What you have to do:
Whenever a line in the entries includes the word "reps", copy that line out.

*** Records provided ***

lemma nu2_eq_class_of_sum_list:
  assumes "b > 0" "q > 0" "[int (length Xs) * a = a] (mod b)"
    and "set Xs \<subseteq> secondary_classes a b q" "list_all2 (\<in>) xs Xs"
  shows "nu2 a b q Xs = class_of a b q (sum_list xs)"
    and "[sum_list xs = a] (mod b)"
proof -
  have "length xs = length Xs"
    using assms(5) list_all2_lengthD by blast
  then show base: "[sum_list xs = a] (mod b)"
    using sum_list_cong_const[OF representatives_cong(2)[OF assms(4,5)]] assms(3)
    by (metis cong_trans)
  have "[sum_list (map some_elem Xs) = sum_list xs] (mod b * q)"
    using sum_list_cong[OF representatives_cong(1)[OF assms(4,5)]] by (rule cong_sym)
  then show "nu2 a b q Xs = class_of a b q (sum_list xs)"
    unfolding nu2_eq_class_of by (rule class_of_cong[OF assms(1,2) base])
qed

lemma mu2_eq_class_of_prod_list:
  assumes "b > 0" "q > 0" "[a ^ length Xs = a] (mod b)"
    and "set Xs \<subseteq> secondary_classes a b q" "list_all2 (\<in>) xs Xs"
  shows "mu2 a b q Xs = class_of a b q (prod_list xs)"
    and "[prod_list xs = a] (mod b)"
proof -
  have "length xs = length Xs"
    using assms(5) list_all2_lengthD by blast
  then show base: "[prod_list xs = a] (mod b)"
    using prod_list_cong_const[OF representatives_cong(2)[OF assms(4,5)]] assms(3)
    by (metis cong_trans)
  have "[prod_list (map some_elem Xs) = prod_list xs] (mod b * q)"
    using prod_list_cong[OF representatives_cong(1)[OF assms(4,5)]] by (rule cong_sym)
  then show "mu2 a b q Xs = class_of a b q (prod_list xs)"
    unfolding mu2_eq_class_of by (rule class_of_cong[OF assms(1,2) base])
qed

lemma nu2_well_defined:
  assumes "b > 0" "q > 0" "[int (length Xs) * a = a] (mod b)"
    and "set Xs \<subseteq> secondary_classes a b q" "list_all2 (\<in>) xs Xs"
  shows "nu2 a b q Xs \<in> secondary_classes a b q" "sum_list xs \<in> nu2 a b q Xs"
  using class_of_mem[OF assms(1,2) nu2_eq_class_of_sum_list(2)[OF assms]]
  by (simp_all add: nu2_eq_class_of_sum_list(1)[OF assms])

lemma mu2_well_defined:
  assumes "b > 0" "q > 0" "[a ^ length Xs = a] (mod b)"
    and "set Xs \<subseteq> secondary_classes a b q" "list_all2 (\<in>) xs Xs"
  shows "mu2 a b q Xs \<in> secondary_classes a b q" "prod_list xs \<in> mu2 a b q Xs"
  using class_of_mem[OF assms(1,2) mu2_eq_class_of_prod_list(2)[OF assms]]
  by (simp_all add: mu2_eq_class_of_prod_list(1)[OF assms])

lemma nu2_mset_eq: "mset Xs = mset Ys \<Longrightarrow> nu2 a b q Xs = nu2 a b q Ys"
  unfolding nu2_eq_class_of by (metis mset_map sum_mset_sum_list)

lemma mu2_mset_eq: "mset Xs = mset Ys \<Longrightarrow> mu2 a b q Xs = mu2 a b q Ys"
  unfolding mu2_eq_class_of by (metis mset_map prod_mset_prod_list)

lemma some_elem_representatives:
  assumes "set Xs \<subseteq> secondary_classes a b q"
  shows "list_all2 (\<in>) (map some_elem Xs) Xs"
  using assms by (auto simp: list_all2_map1 list_all2_same intro: some_elem_mem)

lemma nu2_map_sclass:
  assumes "b > 0" "q > 0" "[int (length ks) * a = a] (mod b)" "\<forall>k\<in>set ks. 0 \<le> k \<and> k < q"
  shows "nu2 a b q (map (sclass a b q) ks)
    = sclass a b q ((sum_list ks + (int (length ks) - 1) * a div b) mod q)"
proof -
  let ?z = "sum_list (map (\<lambda>k. a + b * k) ks)"
  have classes: "set (map (sclass a b q) ks) \<subseteq> secondary_classes a b q"
    using assms(4) by (auto intro: sclass_in_secondary_classes)
  have reps: "list_all2 (\<in>) (map (\<lambda>k. a + b * k) ks) (map (sclass a b q) ks)"
    by (simp add: list_all2_map1 list_all2_map2 list_all2_same mem_sclass_iff)
  note representatives = nu2_eq_class_of_sum_list[OF assms(1,2) _ classes reps]
  have "nu2 a b q (map (sclass a b q) ks) = sclass a b q ((?z - a) div b mod q)"
    using assms(3) representatives class_of_eq[OF assms(1,2)] by simp
  also have "?z - a = (int (length ks) - 1) * a + sum_list ks * b"
    unfolding sum_list_affine by (simp add: algebra_simps)
  finally show ?thesis
    using assms(1) by simp
qed

lemma mu2_map_sclass:
  assumes "b > 0" "q > 0" "[a ^ length ks = a] (mod b)" "\<forall>k\<in>set ks. 0 \<le> k \<and> k < q"
  shows "mu2 a b q (map (sclass a b q) ks) = sclass a b q
    (((\<Sum>j=1..length ks. a ^ (length ks - j) * b ^ (j - 1) * esym j ks)
       + (a ^ length ks - a) div b) mod q)"
proof -
  let ?z = "prod_list (map (\<lambda>k. a + b * k) ks)"
  let ?T = "\<Sum>j=1..length ks. a ^ (length ks - j) * b ^ (j - 1) * esym j ks"
  have classes: "set (map (sclass a b q) ks) \<subseteq> secondary_classes a b q"
    using assms(4) by (auto intro: sclass_in_secondary_classes)
  have reps: "list_all2 (\<in>) (map (\<lambda>k. a + b * k) ks) (map (sclass a b q) ks)"
    by (simp add: list_all2_map1 list_all2_map2 list_all2_same mem_sclass_iff)
  note representatives = mu2_eq_class_of_prod_list[OF assms(1,2) _ classes reps]
  have "mu2 a b q (map (sclass a b q) ks) = sclass a b q ((?z - a) div b mod q)"
    using assms(3) representatives class_of_eq[OF assms(1,2)] by simp
  also have "?z - a = (a ^ length ks - a) + ?T * b"
    unfolding prod_list_affine by (simp add: algebra_simps)
  finally show ?thesis
    using assms(1) by (simp add: add.commute)
qed

text \<open>Choosing representatives, both sides become the class of the same integer, because
  multiplication distributes over addition in \<open>\<int>\<close>.\<close>
lemma mu2_update_nu2:
  assumes "b > 0" "q > 0" "[int (length Ys) * a = a] (mod b)" "[a ^ length Xs = a] (mod b)"
    and "set Xs \<subseteq> secondary_classes a b q" "set Ys \<subseteq> secondary_classes a b q"
    and "i < length Xs"
  shows "mu2 a b q (Xs[i := nu2 a b q Ys]) = nu2 a b q (map (\<lambda>Y. mu2 a b q (Xs[i := Y])) Ys)"
proof -
  let ?S = "secondary_classes a b q"
  define ws where "ws = map some_elem Xs"
  define ys where "ys = map some_elem Ys"
  have update: "set (Xs[i := Y]) \<subseteq> ?S" "list_all2 (\<in>) (ws[i := y]) (Xs[i := Y])"
    if "Y \<in> ?S" "y \<in> Y" for Y y
    using assms(5) that set_update_subset_insert[of Xs i Y]
      list_all2_update_cong[OF some_elem_representatives[OF assms(5)]]
    unfolding ws_def by auto
  have mu2_update: "mu2 a b q (Xs[i := Y]) = class_of a b q (prod_list (ws[i := y]))"
    "mu2 a b q (Xs[i := Y]) \<in> ?S" "prod_list (ws[i := y]) \<in> mu2 a b q (Xs[i := Y])"
    if "Y \<in> ?S" "y \<in> Y" for Y y
  proof -
    have "[a ^ length (Xs[i := Y]) = a] (mod b)"
      using assms(4) by simp
    note representatives = assms(1,2) this update[OF that]
    show "mu2 a b q (Xs[i := Y]) = class_of a b q (prod_list (ws[i := y]))"
      by (rule mu2_eq_class_of_prod_list(1)[OF representatives])
    show "mu2 a b q (Xs[i := Y]) \<in> ?S" "prod_list (ws[i := y]) \<in> mu2 a b q (Xs[i := Y])"
      by (rule mu2_well_defined[OF representatives])+
  qed
  have nu2_Ys: "nu2 a b q Ys \<in> ?S" "sum_list ys \<in> nu2 a b q Ys"
    using nu2_well_defined[OF assms(1-3,6) some_elem_representatives[OF assms(6)]]
    unfolding ys_def by simp_all
  have factors: "Y \<in> ?S" "some_elem Y \<in> Y" if "Y \<in> set Ys" for Y
    using assms(6) that some_elem_mem by auto
  have "mu2 a b q (Xs[i := nu2 a b q Ys]) = class_of a b q (prod_list (ws[i := sum_list ys]))"
    using mu2_update(1)[OF nu2_Ys] .
  also have "prod_list (ws[i := sum_list ys]) = sum_list (map (\<lambda>y. prod_list (ws[i := y])) ys)"
    using assms(7) unfolding ws_def by (simp add: prod_list_update_sum_list)
  also have "class_of a b q \<dots> = nu2 a b q (map (\<lambda>Y. mu2 a b q (Xs[i := Y])) Ys)"
  proof (rule nu2_eq_class_of_sum_list(1)[symmetric, OF assms(1,2)])
    show "[int (length (map (\<lambda>Y. mu2 a b q (Xs[i := Y])) Ys)) * a = a] (mod b)"
      using assms(3) by simp
    show "set (map (\<lambda>Y. mu2 a b q (Xs[i := Y])) Ys) \<subseteq> ?S"
      using mu2_update(2) factors by auto
    show "list_all2 (\<in>) (map (\<lambda>y. prod_list (ws[i := y])) ys)
        (map (\<lambda>Y. mu2 a b q (Xs[i := Y])) Ys)"
      unfolding ys_def using mu2_update(3) factors
      by (simp add: list_all2_map1 list_all2_map2 list_all2_same)
  qed
  finally show ?thesis .
qed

*** End of Records provided ***

Result for this exercise:
  have reps: "list_all2 (\<in>) (map (\<lambda>k. a + b * k) ks) (map (sclass a b q) ks)"
  note representatives = nu2_eq_class_of_sum_list[OF assms(1,2) _ classes reps]
  have reps: "list_all2 (\<in>) (map (\<lambda>k. a + b * k) ks) (map (sclass a b q) ks)"
  note representatives = mu2_eq_class_of_prod_list[OF assms(1,2) _ classes reps]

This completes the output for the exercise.